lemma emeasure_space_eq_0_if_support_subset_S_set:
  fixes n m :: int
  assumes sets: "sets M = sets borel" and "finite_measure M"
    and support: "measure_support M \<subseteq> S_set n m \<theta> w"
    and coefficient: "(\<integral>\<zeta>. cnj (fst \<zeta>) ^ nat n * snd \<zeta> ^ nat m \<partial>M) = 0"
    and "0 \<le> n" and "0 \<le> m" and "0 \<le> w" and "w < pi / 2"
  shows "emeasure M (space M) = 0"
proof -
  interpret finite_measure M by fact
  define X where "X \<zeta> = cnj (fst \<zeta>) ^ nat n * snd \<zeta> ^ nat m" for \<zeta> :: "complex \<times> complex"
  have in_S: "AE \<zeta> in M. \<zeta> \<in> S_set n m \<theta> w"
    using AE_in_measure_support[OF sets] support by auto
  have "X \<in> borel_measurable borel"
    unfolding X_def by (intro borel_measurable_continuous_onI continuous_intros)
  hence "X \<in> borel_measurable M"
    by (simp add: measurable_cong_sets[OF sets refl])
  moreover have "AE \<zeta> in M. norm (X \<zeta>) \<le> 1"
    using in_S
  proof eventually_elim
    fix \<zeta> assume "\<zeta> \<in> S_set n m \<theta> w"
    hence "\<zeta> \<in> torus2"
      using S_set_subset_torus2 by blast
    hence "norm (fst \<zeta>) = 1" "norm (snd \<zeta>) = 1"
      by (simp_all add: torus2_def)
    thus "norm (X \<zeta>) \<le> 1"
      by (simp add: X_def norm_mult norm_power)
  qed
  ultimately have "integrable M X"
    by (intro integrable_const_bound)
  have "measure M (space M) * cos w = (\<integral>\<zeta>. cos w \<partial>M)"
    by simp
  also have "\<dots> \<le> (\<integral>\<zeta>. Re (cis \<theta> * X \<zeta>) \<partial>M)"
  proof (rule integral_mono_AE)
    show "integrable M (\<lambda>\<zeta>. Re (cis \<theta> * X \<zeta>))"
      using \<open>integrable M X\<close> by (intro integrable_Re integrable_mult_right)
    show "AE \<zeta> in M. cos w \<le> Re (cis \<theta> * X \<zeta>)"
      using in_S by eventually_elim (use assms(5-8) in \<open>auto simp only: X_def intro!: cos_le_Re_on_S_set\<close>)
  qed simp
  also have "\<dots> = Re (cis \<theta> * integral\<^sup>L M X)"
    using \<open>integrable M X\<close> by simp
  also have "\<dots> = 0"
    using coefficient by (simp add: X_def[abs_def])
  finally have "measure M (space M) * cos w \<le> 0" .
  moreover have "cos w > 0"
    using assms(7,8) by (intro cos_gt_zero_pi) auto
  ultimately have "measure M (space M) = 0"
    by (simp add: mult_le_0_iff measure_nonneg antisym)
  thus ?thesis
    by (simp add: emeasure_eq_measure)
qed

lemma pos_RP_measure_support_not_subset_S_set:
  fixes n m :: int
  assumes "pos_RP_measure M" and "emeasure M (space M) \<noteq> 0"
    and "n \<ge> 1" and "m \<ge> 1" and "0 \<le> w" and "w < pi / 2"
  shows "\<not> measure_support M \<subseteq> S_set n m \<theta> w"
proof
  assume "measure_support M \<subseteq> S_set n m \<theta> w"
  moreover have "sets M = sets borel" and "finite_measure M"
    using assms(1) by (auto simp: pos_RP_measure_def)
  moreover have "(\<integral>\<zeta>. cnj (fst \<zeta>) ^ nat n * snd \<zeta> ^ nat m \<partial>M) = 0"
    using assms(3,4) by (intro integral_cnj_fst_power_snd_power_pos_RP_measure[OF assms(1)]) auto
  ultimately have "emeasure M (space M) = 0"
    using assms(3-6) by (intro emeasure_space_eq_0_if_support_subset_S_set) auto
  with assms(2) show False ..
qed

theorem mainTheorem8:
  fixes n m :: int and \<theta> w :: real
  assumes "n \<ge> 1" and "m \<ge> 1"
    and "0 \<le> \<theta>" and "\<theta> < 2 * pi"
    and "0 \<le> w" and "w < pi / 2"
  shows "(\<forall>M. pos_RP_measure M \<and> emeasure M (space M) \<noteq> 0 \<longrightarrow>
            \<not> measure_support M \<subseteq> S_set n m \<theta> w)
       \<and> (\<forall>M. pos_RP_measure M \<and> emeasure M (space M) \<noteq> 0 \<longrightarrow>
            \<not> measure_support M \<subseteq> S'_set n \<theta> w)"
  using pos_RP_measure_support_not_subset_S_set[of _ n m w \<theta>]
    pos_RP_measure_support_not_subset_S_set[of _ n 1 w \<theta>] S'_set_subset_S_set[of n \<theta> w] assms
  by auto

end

> [DIRECTIONS FOR THIS TASK]
Extract all lines from the data in which "ultimately" is found.

> [REPLY TO THE EXERCISE]
  ultimately have "integrable M X"
  ultimately have "measure M (space M) = 0"
  ultimately have "emeasure M (space M) = 0"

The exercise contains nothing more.